▶ What this task involves
Up through the line that contains "note nf = node_facts[OF a]", retype the entries exactly, beginning at the very first line.

▶ Data records

* * *

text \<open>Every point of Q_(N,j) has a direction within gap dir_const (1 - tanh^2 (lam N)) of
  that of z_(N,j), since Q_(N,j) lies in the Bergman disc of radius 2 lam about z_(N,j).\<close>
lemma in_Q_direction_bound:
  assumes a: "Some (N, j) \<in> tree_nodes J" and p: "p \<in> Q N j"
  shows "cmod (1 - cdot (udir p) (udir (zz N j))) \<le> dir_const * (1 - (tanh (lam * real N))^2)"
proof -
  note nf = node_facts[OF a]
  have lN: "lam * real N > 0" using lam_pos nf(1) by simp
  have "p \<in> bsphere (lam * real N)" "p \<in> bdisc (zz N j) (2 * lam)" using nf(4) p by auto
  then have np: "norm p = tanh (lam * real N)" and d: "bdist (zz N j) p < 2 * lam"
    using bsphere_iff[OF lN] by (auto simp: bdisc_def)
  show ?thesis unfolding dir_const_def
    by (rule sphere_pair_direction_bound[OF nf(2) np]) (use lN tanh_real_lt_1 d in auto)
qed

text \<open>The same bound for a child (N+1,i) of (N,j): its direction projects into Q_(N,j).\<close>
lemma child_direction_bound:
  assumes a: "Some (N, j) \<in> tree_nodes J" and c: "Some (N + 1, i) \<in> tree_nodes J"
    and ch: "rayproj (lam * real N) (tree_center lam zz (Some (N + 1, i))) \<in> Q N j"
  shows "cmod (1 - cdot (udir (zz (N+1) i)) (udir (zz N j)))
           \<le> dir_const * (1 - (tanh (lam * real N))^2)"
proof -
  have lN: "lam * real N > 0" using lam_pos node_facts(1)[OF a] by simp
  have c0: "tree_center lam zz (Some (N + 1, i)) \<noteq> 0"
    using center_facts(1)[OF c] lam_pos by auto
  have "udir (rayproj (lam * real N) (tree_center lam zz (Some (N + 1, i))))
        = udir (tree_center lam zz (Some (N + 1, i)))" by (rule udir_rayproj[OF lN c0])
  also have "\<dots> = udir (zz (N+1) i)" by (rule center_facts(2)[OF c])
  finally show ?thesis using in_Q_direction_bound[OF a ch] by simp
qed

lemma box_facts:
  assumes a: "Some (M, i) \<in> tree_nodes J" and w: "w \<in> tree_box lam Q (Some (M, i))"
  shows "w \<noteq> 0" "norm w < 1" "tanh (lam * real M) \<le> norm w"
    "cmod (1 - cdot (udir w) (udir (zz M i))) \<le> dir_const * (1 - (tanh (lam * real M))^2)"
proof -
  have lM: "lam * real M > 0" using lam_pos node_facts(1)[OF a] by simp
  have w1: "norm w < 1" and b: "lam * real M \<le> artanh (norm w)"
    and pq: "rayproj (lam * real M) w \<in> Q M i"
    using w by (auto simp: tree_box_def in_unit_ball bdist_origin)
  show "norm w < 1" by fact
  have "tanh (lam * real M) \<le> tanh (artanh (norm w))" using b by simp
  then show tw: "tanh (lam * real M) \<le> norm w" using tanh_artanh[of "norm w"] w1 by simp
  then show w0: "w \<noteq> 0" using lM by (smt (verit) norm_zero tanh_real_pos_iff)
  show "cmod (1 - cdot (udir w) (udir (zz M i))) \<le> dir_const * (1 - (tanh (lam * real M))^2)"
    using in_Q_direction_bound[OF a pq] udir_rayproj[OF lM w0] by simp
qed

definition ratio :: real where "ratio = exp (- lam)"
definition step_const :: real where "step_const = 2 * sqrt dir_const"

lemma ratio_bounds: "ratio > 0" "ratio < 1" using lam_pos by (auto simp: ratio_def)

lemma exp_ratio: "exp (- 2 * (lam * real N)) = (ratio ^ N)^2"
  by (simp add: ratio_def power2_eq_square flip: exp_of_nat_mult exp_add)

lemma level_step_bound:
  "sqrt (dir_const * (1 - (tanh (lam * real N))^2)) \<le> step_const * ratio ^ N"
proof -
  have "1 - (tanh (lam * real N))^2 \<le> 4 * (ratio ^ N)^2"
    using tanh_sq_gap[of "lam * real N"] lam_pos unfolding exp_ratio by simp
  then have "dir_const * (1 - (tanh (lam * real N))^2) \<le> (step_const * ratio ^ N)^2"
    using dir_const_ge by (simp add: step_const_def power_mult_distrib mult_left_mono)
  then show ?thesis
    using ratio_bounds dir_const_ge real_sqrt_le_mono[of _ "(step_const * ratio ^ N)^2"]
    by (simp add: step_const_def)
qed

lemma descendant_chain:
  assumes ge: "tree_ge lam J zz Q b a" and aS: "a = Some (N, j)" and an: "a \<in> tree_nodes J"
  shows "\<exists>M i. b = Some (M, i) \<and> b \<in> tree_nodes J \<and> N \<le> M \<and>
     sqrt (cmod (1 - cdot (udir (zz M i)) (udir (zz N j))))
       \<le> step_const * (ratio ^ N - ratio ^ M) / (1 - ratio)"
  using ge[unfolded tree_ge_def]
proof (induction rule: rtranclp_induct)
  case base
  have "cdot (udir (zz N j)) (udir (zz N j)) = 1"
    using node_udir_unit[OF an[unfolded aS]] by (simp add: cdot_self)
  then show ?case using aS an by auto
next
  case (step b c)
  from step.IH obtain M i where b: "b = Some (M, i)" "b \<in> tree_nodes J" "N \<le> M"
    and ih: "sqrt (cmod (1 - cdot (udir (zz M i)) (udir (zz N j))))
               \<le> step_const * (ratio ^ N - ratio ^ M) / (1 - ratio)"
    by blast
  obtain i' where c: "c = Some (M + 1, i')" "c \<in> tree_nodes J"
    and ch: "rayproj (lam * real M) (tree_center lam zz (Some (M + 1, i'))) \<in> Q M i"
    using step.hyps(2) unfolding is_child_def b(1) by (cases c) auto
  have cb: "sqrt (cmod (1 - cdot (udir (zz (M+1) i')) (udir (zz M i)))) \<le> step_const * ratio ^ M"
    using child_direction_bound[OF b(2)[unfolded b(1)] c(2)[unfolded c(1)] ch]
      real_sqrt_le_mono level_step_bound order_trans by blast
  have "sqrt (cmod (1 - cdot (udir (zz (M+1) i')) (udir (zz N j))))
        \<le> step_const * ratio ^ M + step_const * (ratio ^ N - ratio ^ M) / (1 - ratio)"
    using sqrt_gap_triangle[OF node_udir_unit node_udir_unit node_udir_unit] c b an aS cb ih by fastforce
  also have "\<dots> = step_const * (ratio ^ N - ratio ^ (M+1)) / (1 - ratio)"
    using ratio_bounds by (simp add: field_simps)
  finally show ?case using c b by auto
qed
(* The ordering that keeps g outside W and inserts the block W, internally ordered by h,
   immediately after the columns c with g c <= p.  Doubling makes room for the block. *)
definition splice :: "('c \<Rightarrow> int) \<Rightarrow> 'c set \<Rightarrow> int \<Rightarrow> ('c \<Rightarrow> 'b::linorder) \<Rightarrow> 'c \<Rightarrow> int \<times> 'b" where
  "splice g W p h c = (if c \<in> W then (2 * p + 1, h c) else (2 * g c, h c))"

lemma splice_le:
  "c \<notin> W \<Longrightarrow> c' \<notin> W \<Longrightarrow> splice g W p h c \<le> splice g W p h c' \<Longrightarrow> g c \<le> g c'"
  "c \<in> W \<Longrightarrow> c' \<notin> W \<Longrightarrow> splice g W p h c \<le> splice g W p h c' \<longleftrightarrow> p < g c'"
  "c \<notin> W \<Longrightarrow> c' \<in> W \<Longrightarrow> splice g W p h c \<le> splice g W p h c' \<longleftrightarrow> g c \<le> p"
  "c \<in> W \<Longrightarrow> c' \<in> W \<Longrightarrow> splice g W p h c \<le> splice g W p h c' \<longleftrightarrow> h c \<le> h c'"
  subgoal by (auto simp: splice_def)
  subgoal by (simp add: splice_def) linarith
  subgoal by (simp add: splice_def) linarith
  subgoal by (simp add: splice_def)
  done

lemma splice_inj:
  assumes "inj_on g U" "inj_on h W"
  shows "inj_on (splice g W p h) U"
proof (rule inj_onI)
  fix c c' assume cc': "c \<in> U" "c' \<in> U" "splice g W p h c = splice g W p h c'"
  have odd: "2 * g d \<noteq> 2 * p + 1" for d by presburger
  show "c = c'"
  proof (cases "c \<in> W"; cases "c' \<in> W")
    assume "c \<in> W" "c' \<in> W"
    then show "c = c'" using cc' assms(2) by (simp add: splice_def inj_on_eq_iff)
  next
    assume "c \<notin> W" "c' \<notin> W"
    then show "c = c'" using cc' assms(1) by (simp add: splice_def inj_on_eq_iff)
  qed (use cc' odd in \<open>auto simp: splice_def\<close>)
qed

* * *

▶ Task output
text \<open>Every point of Q_(N,j) has a direction within gap dir_const (1 - tanh^2 (lam N)) of
  that of z_(N,j), since Q_(N,j) lies in the Bergman disc of radius 2 lam about z_(N,j).\<close>
lemma in_Q_direction_bound:
  assumes a: "Some (N, j) \<in> tree_nodes J" and p: "p \<in> Q N j"
  shows "cmod (1 - cdot (udir p) (udir (zz N j))) \<le> dir_const * (1 - (tanh (lam * real N))^2)"
proof -
  note nf = node_facts[OF a]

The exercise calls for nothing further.